Here we are speaking only about suspicion; we are not pronouncing on the involvement of the police force or one of its arms or members in the crime – nor do we rule it out, especially as investigations are still ongoing.  But any investigator of this case – acting purely professionally, removed from political concerns – cannot eliminate the police from the circle of suspicion.  Indeed, he must regard police involvement as one of the possibilities that must be followed up and worked through.  Especially when he has before him the body of a youth marked by various forms of torture – ears cut off, ribs and neck vertebrae broken, subjected to electrocution, and more – and he is aware that these police are gravely suspected in crimes such as this by virtue of their black record.  Their fingerprints are on similar cases that closely resemble this one.

Perhaps you ask yourself: “Is it possible that an Egyptian policeman would do such a thing?”  Most likely you find nothing which confirms the matter, though you also find nothing which disproves it.  But surely you find something to support the suspicion, of course without disregarding the rule “Innocent until proven guilty.”

Some say there is no sane policeman who would attack a foreigner, knowing the political sensitivity of that act, notwithstanding that those who attacked the doctors, and those who killed the merchant in Luxor, and the driver in Red Road, also did not appreciate the political consequences of their actions.

Thus suspicion becomes natural, or even logical.  For the police in Egypt are paying the price for their history, for not adopting a clearly proclaimed program to break with the sins of their wicked past, placing them at the forefront of those suspected in every incident.  This is to say nothing of the serious extent of their loss of trust, or of the institution’s need to reform its house from within, in the interest of the kind of professional performance that works diligently to correct its mistakes instead of covering them up.
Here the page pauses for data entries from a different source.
(* Let $a,\Theta\in l_0(\mathbb{Z})$ be such that $\Theta^\star=\Theta$, let $n_b$ be a positive integer with $n_b\le\min\{\mathrm{sr}(a),\tfrac12\mathrm{vm}(\mathsf{\Theta}(z)-\mathsf{\Theta}(z^2)\mathsf{a}^\star(z)\mathsf{a}(z))\}$, and let $b=(b_1,b_2)^\top\in (l_0(\mathbb{Z}))^{2\times 1}$. Suppose that $\{a;b_1,b_2\}_{\Theta,(1,-1)}$ is a quasi-tight framelet filter bank such that $\min\{\mathrm{vm}(b_1),\mathrm{vm}(b_2)\}\ge n_b$. Then $$\mathcal{N}_{\mathsf{a},\mathsf{\Theta}|n_b}(z)=\begin{bmatrix}\mathring{\mathsf{b}}^{[0]}(z)&\mathring{\mathsf{b}}^{[1]}(z)\end{bmatrix}^\star\mathrm{diag}(1,-1)\begin{bmatrix}\mathring{\mathsf{b}}^{[0]}(z)&\mathring{\mathsf{b}}^{[1]}(z)\end{bmatrix}$$ holds, where $\mathring{b}\in (l_0(\mathbb{Z}))^{2\times1}$ satisfies $\mathsf{b}(z)=(1-z)^{n_b}\mathring{\mathsf{b}}(z)$. Conversely, suppose that there exists a matrix of Laurent polynomials $\mathsf{V}=\begin{bmatrix}\mathsf{V}_{1,1} &\mathsf{V}_{1,2}\\ \mathsf{V}_{2,1} &\mathsf{V}_{2,2}\end{bmatrix}$ such that $\mathcal{N}_{\mathsf{a},\mathsf{\Theta}|n_b}=\mathsf{V}^{\star}\mathrm{diag}(1,-1)\mathsf{V}$. Define $\mathring{b}$ through $\mathring{\mathsf{b}}^{[0]}:=(\mathsf{V}_{1,1},\mathsf{V}_{2,1})^\top$, $\mathring{\mathsf{b}}^{[1]}:=(\mathsf{V}_{1,2},\mathsf{V}_{2,2})^\top$ (i.e. $\mathring{\mathsf{b}}(z)=\mathring{\mathsf{b}}^{[0]}(z^2)+z\mathring{\mathsf{b}}^{[1]}(z^2)$), and define $b$ by $\mathsf{b}(z):=(1-z)^{n_b}\mathring{\mathsf{b}}(z)$. Then $\{a;b_1,b_2\}_{\Theta,(1,-1)}$ is a quasi-tight framelet filter bank such that $\min\{\mathrm{vm}(b_1),\mathrm{vm}(b_2)\}\ge n_b$.
   Context: For a finitely supported filter $u$, $\mathsf{u}(z)=\sum_k u(k)z^k$, $\mathsf{u}^\star(z)=\sum_k\overline{u(k)}^{\top}z^{-k}$, and $u^\star=\overline{u(-\cdot)}^\top$. $\mathrm{vm}(b)$ is the largest $m$ with $(z-1)^m\mid\mathsf{b}(z)$; $\mathrm{sr}(a)$ is the largest $n$ with $(z+1)^n\mid\mathsf{a}(z)$. $\{a;b_1,b_2\}_{\Theta,(1,-1)}$ is a quasi-tight framelet filter bank if for all $z\in\mathbb{C}\setminus\{0\}$: $\mathsf{\Theta}(z^2)\mathsf{a}^\star(z)\mathsf{a}(z)+\mathsf{b}_1^\star(z)\mathsf{b}_1(z)-\mathsf{b}_2^\star(z)\mathsf{b}_2(z)=\mathsf{\Theta}(z)$ and $\mathsf{\Theta}(z^2)\mathsf{a}^\star(z)\mathsf{a}(-z)+\mathsf{b}_1^\star(z)\mathsf{b}_1(-z)-\mathsf{b}_2^\star(z)\mathsf{b}_2(-z)=0$. The $\gamma$-coset sequence of $u$ is $u^{[\gamma]}(k)=u(\gamma+2k)$, so $\mathsf{u}(z)=\mathsf{u}^{[0]}(z^2)+z\mathsf{u}^{[1]}(z^2)$. Define the Laurent polynomials $\mathsf{A}(z):=\frac{\mathsf{\Theta}(z)-\mathsf{\Theta}(z^2)\mathsf{a}^\star(z)\mathsf{a}(z)}{(1-z)^{n_b}(1-z^{-1})^{n_b}}$ and $\mathsf{B}(z):=\frac{-\mathsf{\Theta}(z^2)\mathsf{a}^\star(z)\mathsf{a}(-z)}{(1-z^{-1})^{n_b}(1+z)^{n_b}}$, and $$\mathcal{N}_{\mathsf{a},\mathsf{\Theta}|n_b}(z):=\frac12\begin{bmatrix}\mathsf{A}^{[0]}(z)+\mathsf{B}^{[0]}(z)&\mathsf{A}^{[1]}(z)-\mathsf{B}^{[1]}(z)\\ z(\mathsf{A}^{[1]}(z)+\mathsf{B}^{[1]}(z))&\mathsf{A}^{[0]}(z)-\mathsf{B}^{[0]}(z)\end{bmatrix}.$$ *)

theory Defs
  imports Complex_Main "HOL-Library.Extended_Nat"
begin

type_synonym filt = "int \<Rightarrow> complex"

definition l0 :: "filt \<Rightarrow> bool" where
  "l0 u \<longleftrightarrow> finite {k. u k \<noteq> 0}"

definition symb :: "filt \<Rightarrow> complex \<Rightarrow> complex" where
  "symb u z = (\<Sum>k\<in>{k. u k \<noteq> 0}. u k * z powi k)"

text \<open>u^star = conj(u(-.)) (scalar case, transpose trivial); its symbol is u^star(z).\<close>
definition fstar :: "filt \<Rightarrow> filt" where
  "fstar u = (\<lambda>k. cnj (u (- k)))"

definition coset :: "filt \<Rightarrow> int \<Rightarrow> filt" where
  "coset u \<gamma> = (\<lambda>k. u (\<gamma> + 2 * k))"

definition ldvd_pow :: "complex \<Rightarrow> nat \<Rightarrow> (complex \<Rightarrow> complex) \<Rightarrow> bool" where
  "ldvd_pow c m f \<longleftrightarrow> (\<exists>q. l0 q \<and> (\<forall>z. z \<noteq> 0 \<longrightarrow> f z = (z - c) ^ m * symb q z))"

text \<open>vm and sr of a Laurent polynomial (value infinity for the zero polynomial).\<close>
definition vm :: "(complex \<Rightarrow> complex) \<Rightarrow> enat" where
  "vm f = (SUP m \<in> {m. ldvd_pow 1 m f}. enat m)"

definition sr :: "(complex \<Rightarrow> complex) \<Rightarrow> enat" where
  "sr f = (SUP m \<in> {m. ldvd_pow (-1) m f}. enat m)"
definition ftree_leaves :: "('a \<Rightarrow> 'a \<Rightarrow> bool) \<Rightarrow> 'a list \<Rightarrow> 'a set" where
  "ftree_leaves E \<sigma> = {\<sigma> ! i | i. 0 < i \<and> i < length \<sigma> \<and>
      \<not> (\<exists>l. 0 < l \<and> l < length \<sigma> \<and> ftree_parent E \<sigma> l = i)}"

definition bandwidth :: "('a \<Rightarrow> 'a \<Rightarrow> bool) \<Rightarrow> 'a list \<Rightarrow> nat" where
  "bandwidth E \<sigma> = Max ({0} \<union> {nat \<bar>int i - int j\<bar> | i j.
      i < length \<sigma> \<and> j < length \<sigma> \<and> E (\<sigma> ! i) (\<sigma> ! j)})"

end

(* Distances from the first vertex are non-decreasing along a layered ordering, and the
   F-tree parent of every vertex lies in the preceding distance layer, so distance is depth
   in the F-tree.  In a rooted tree no layer has more vertices than the tree has leaves:
   sending a vertex to the last vertex of its subtree gives an injection into the leaves.
   An edge v_a v_b with a < b joins layers at most one apart, so v_a, ..., v_b lie in two
   consecutive layers and b - a + 1 <= 2k. *)

theory Submission
  imports Defs
begin

lemma walk_snoc:
  assumes "walk E xs" "E (last xs) y"
  shows "walk E (xs @ [y])"
  unfolding walk_def
proof (intro conjI allI impI)
  fix i
  assume i: "Suc i < length (xs @ [y])"
  show "E ((xs @ [y]) ! i) ((xs @ [y]) ! Suc i)"
  proof (cases "Suc i < length xs")
    case True
    then show ?thesis using assms(1) by (simp add: walk_def nth_append)
  next
    case False
    then have "i = length xs - 1" "xs \<noteq> []" using i assms(1) by (auto simp: walk_def)
    then show ?thesis using assms(2) by (simp add: nth_append last_conv_nth)
  qed
qed simp

lemma walk_take:
  assumes "walk E xs" "0 < m"
  shows "walk E (take m xs)"
  using assms by (auto simp: walk_def)

lemma gdist_shortest_walk:
  assumes "connected_graph V E" "u \<in> V" "v \<in> V"
  obtains xs where "walk E xs" "hd xs = u" "last xs = v" "length xs = Suc (gdist E u v)"
proof -
  obtain xs where "walk E xs" "hd xs = u" "last xs = v"
    using assms unfolding connected_graph_def by blast
  then have "\<exists>n xs. walk E xs \<and> hd xs = u \<and> last xs = v \<and> length xs = Suc n"
    by (intro exI[of _ "length xs - 1"] exI[of _ xs]) (auto simp: walk_def)
  from LeastI_ex[OF this] show ?thesis
    using that unfolding gdist_def by blast
qed

lemma gdist_le_walk:
  assumes "walk E xs" "hd xs = u" "last xs = v" "length xs = Suc m"
  shows "gdist E u v \<le> m"
  unfolding gdist_def by (rule Least_le) (use assms in blast)

lemma gdist_self: "gdist E u u = 0"
  using gdist_le_walk[of E "[u]" u u 0] by (simp add: walk_def)

lemma gdist_edge:
  assumes "connected_graph V E" "u \<in> V" "x \<in> V" "E x y"
  shows "gdist E u y \<le> Suc (gdist E u x)"
proof -
  obtain xs where xs: "walk E xs" "hd xs = u" "last xs = x" "length xs = Suc (gdist E u x)"
    using gdist_shortest_walk[OF assms(1-3)] .
  have "walk E (xs @ [y])"
    using walk_snoc[OF xs(1)] xs(3) assms(4) by simp
  moreover have "hd (xs @ [y]) = u"
    using xs by (cases xs) auto
  ultimately show ?thesis
    using gdist_le_walk[of E "xs @ [y]" u y] xs(4) by simp
qed

lemma gdist_closer_neighbour:
  assumes "connected_graph V E" "u \<in> V" "x \<in> V" "x \<noteq> u"
  obtains y where "E y x" "gdist E u y < gdist E u x"
proof -
  define g where "g = gdist E u x"
  obtain xs where xs: "walk E xs" "hd xs = u" "last xs = x" "length xs = Suc g"
    using gdist_shortest_walk[OF assms(1-3)] unfolding g_def .
  have "0 < g"
    using xs assms(4) by (metis hd_conv_nth last_conv_nth length_0_conv nat.distinct(1)
        diff_Suc_1 neq0_conv)
  have "Suc (g - 1) < length xs"
    using xs(4) \<open>0 < g\<close> by simp
  then have "E (xs ! (g - 1)) (xs ! Suc (g - 1))"
    using xs(1) unfolding walk_def by blast
  moreover have "xs ! Suc (g - 1) = x"
    using xs(3,4) \<open>0 < g\<close> by (metis Suc_pred last_conv_nth diff_Suc_1 list.size(3) nat.distinct(1))
  ultimately have "E (xs ! (g - 1)) x"
    by simp
  moreover have "last (take g xs) = xs ! (g - 1)"
    using xs(4) \<open>0 < g\<close> by (subst last_conv_nth) (auto simp: min_def)
  then have "gdist E u (xs ! (g - 1)) \<le> g - 1"
    using xs \<open>0 < g\<close> by (intro gdist_le_walk[OF walk_take[OF xs(1) \<open>0 < g\<close>]]) auto
  ultimately show ?thesis
    using that \<open>0 < g\<close> unfolding g_def by fastforce
qed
One of the keys to the solution is legislative amendments of the sort that some Egyptian media have talked about, since the Ministry of Interior has introduced them into the Police Law, paving the way to send them to Parliament.  These would ensure insistence on the proper rules for dealing with citizens, not bearing police arms outside of working hours, and immediate reporting of individual transgressions to the public prosecutor’s office, among other articles.  But Egyptians will always believe – by the force of their experience amidst a frightful quantity of ineffective laws and constitutional articles – that formulation of laws alone is not enough, and that the important thing is their implementation.

But as to law, indeed the Egyptian police today are in need of retraining of their teams in specific standards, under a culture completely different from that which has prevailed in the past, to overcome the malign practices which have dominated the curricula studied by junior officers in the police academy.  Just as they are also in need of an unprecedented effort to break way from “prior convictions” and erase these from their mentality, while striking with an iron hand against those prior convicts in their ranks whose crimes are ongoing.  There must be a crystal-clear, no-nonsense challenge to the culture that treats as state property the body of any accused, suspected, or detained, regardless of what type – so that a culture of respect for the law and the Constitution will prevail in detention and interrogation centers.